The revise operation is similar to the commit operation in CVS, and indicates that an updated, coherent revision of the document has been reached, and is considered suitable for others to use. The editions returned after individual modification operations are effectively private to the user and so the author can make many changes over the course of days if they like, knowing that no-one else can see these interim changes.

Tricks with temporary works transcluding contents can be used to allow a group of reviewers for example to see new revisions privately, until a suitable point has been reached that the public in general would benefit from a new revision of the original work being made available to them.

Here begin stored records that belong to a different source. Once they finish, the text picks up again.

lemma mult_rdiag2_nth: "(A ** rdiag2 d) $ i $ j = A $ i $ j * d j"
  using exhaust_2[of j] by (auto simp: matrix_matrix_mult_def sum_2 rdiag2_def)

lemma rdiag2_mult_nth: "(rdiag2 d ** A) $ i $ j = d i * A $ i $ j"
  using exhaust_2[of i] by (auto simp: matrix_matrix_mult_def sum_2 rdiag2_def)

lemma rdiag2_mult_vec_nth: "(rdiag2 d *v v) $ i = d i * v $ i"
  using exhaust_2[of i] by (auto simp: matrix_vector_mult_def sum_2 rdiag2_def)

lemma unitary2_mult_vec_eq_0_iff:
  "unitary2 U \<Longrightarrow> adj2 U *v x = 0 \<longleftrightarrow> x = 0"
  by (metis unitary2_mult_adj2 matrix_vector_mul_assoc matrix_vector_mul_lid
      matrix_vector_mult_0_right)

text \<open>This makes \<open>mpow\<close> well defined: \<open>W = V\<^sup>* U\<close> intertwines the two diagonal
  matrices, so its nonzero entries sit where the spectra agree, and it also intertwines
  their powers.\<close>
lemma spectral_powr_unique:
  assumes U: "unitary2 U" and V: "unitary2 V"
    and eq: "U ** rdiag2 d ** adj2 U = V ** rdiag2 e ** adj2 V"
  shows "U ** rdiag2 (\<lambda>i. d i powr r) ** adj2 U = V ** rdiag2 (\<lambda>i. e i powr r) ** adj2 V"
proof -
  define W where "W = adj2 V ** U"
  have UU: "adj2 U ** U = mat 1" and VV: "adj2 V ** V = mat 1"
    using U V unfolding unitary2_def by auto
  have "adj2 V ** (U ** rdiag2 d ** adj2 U) ** U = adj2 V ** (V ** rdiag2 e ** adj2 V) ** U"
    using eq by simp
  then have WD: "W ** rdiag2 d = rdiag2 e ** W"
    by (simp add: W_def matrix_mul_assoc UU VV)
      (metis UU VV matrix_mul_assoc matrix_mul_lid matrix_mul_rid)
  have "W $ i $ j * d j powr r = e i powr r * W $ i $ j" for i j
  proof -
    have "W $ i $ j * d j = e i * W $ i $ j"
      using arg_cong[OF WD, of "\<lambda>M. M $ i $ j"] by (simp add: mult_rdiag2_nth rdiag2_mult_nth)
    then have "W $ i $ j = 0 \<or> d j = e i"
      by (auto simp: mult.commute)
    then show ?thesis
      by auto
  qed
  then have WDr: "W ** rdiag2 (\<lambda>i. d i powr r) = rdiag2 (\<lambda>i. e i powr r) ** W"
    by (simp add: vec_eq_iff mult_rdiag2_nth rdiag2_mult_nth)
  have "U ** rdiag2 (\<lambda>i. d i powr r) ** adj2 U = V ** (W ** rdiag2 (\<lambda>i. d i powr r)) ** adj2 U"
    by (simp add: W_def matrix_mul_assoc unitary2_mult_adj2[OF V])
  also have "\<dots> = V ** rdiag2 (\<lambda>i. e i powr r) ** (W ** adj2 U)"
    by (simp add: WDr matrix_mul_assoc)
  also have "W ** adj2 U = adj2 V"
    by (simp add: W_def unitary2_mult_adj2[OF U] flip: matrix_mul_assoc)
  finally show ?thesis .
qed

lemma mpow_spectral:
  assumes U: "unitary2 U" and d: "\<forall>i. d i > 0"
  shows "mpow (U ** rdiag2 d ** adj2 U) r = U ** rdiag2 (\<lambda>i. d i powr r) ** adj2 U"
  unfolding mpow_def
proof (rule the_equality)
  show "\<exists>U' d'. unitary2 U' \<and> (\<forall>i. d' i > 0) \<and> U ** rdiag2 d ** adj2 U = U' ** rdiag2 d' ** adj2 U'
      \<and> U ** rdiag2 (\<lambda>i. d i powr r) ** adj2 U = U' ** rdiag2 (\<lambda>i. d' i powr r) ** adj2 U'"
    using assms by blast
next
  fix B
  assume "\<exists>U' d'. unitary2 U' \<and> (\<forall>i. d' i > 0) \<and> U ** rdiag2 d ** adj2 U = U' ** rdiag2 d' ** adj2 U'
      \<and> B = U' ** rdiag2 (\<lambda>i. d' i powr r) ** adj2 U'"
  then show "B = U ** rdiag2 (\<lambda>i. d i powr r) ** adj2 U"
    using spectral_powr_unique[OF U] by metis
qed

lemma mpow_spectral_powr:
  assumes "unitary2 U" "\<forall>i. d i > 0"
  shows "mpow (U ** rdiag2 (\<lambda>i. d i powr s) ** adj2 U) t = U ** rdiag2 (\<lambda>i. d i powr (s * t)) ** adj2 U"
proof -
  have "\<forall>i. d i \<noteq> 0"
    using assms(2) by (metis less_irrefl)
  then show ?thesis
    using mpow_spectral[OF assms(1), of "\<lambda>i. d i powr s" t] by (simp add: powr_powr)
qed

lemma spectral_mult:
  assumes "unitary2 U"
  shows "(U ** rdiag2 d ** adj2 U) ** (U ** rdiag2 e ** adj2 U) = U ** rdiag2 (\<lambda>i. d i * e i) ** adj2 U"
proof -
  have "(U ** rdiag2 d ** adj2 U) ** (U ** rdiag2 e ** adj2 U)
      = U ** rdiag2 d ** (adj2 U ** U) ** rdiag2 e ** adj2 U"
    by (simp add: matrix_mul_assoc)
  also have "\<dots> = U ** rdiag2 (\<lambda>i. d i * e i) ** adj2 U"
    using assms by (simp add: unitary2_def rdiag2_mult matrix_mul_assoc[symmetric])
  finally show ?thesis .
qed
lemma cact_matmul: "cact (matmul a b) x = cact a (cact b x)"
proof (rule ext)
  fix i
  have "(\<Sum>j<rk. (\<Sum>k<rk. a i k * b k j) * x j) = (\<Sum>j<rk. \<Sum>k<rk. a i k * b k j * x j)"
    by (simp add: sum_distrib_right)
  also have "\<dots> = (\<Sum>k<rk. \<Sum>j<rk. a i k * b k j * x j)" by (rule sum.swap)
  also have "\<dots> = (\<Sum>k<rk. a i k * (\<Sum>j<rk. b k j * x j))"
    by (simp add: sum_distrib_left mult.assoc)
  finally show "cact (matmul a b) x i = cact a (cact b x) i"
    unfolding cact_def matmul_def by simp
qed

lemma cact_id: "supported x \<Longrightarrow> cact idmat x = x"
  unfolding cact_def idmat_def supported_def
  by (auto intro!: ext simp: if_distrib[where f="\<lambda>x. x * _"] sum.delta cong: if_cong)

lemma act_cact: "act g x = cact (ofm g) x"
  unfolding act_def cact_def ofm_def by simp

lemma cact_scal: "cact a (\<lambda>i. c * x i) = (\<lambda>i. c * cact a x i)"
  unfolding cact_def by (auto intro!: ext simp: sum_distrib_left mult.left_commute)

lemma supported_cact: "supported (cact a x)"
  unfolding supported_def cact_def by auto

lemma cnj_cact:
  assumes "\<And>i j. cnj (X i j) = X i j"
  shows "(\<lambda>i. cnj (cact X w i)) = cact X (\<lambda>i. cnj (w i))"
  unfolding cact_def using assms by (auto intro!: ext)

Revisions-1)#(a FeWork(id=an Id(4116)) a FeWork(id=an Id(4134)))
a FeWork(id=an Id(4116)) 17:47:10, 19 April 2003 1234567890
a FeWork(id=an Id(4134)) 17:47:11, 19 April 2003 12def367890abc

The first line shows that the works revision is an edition holding two frozen works. The following lines show each of those frozen works in turn, indicating that some context information such as the time of revision has been stored, plus the edition's content for that revision.

"Release exclusive control of work1"
work1 releaseGrab.

Finally we will release our lock onto work1, so that others may revise the work if necessary. If someone wants to modify the works content while it is being locked, then they can create a new work and transclude the contents of the locked work until it is released, where upon they can merge back any changes into the main work.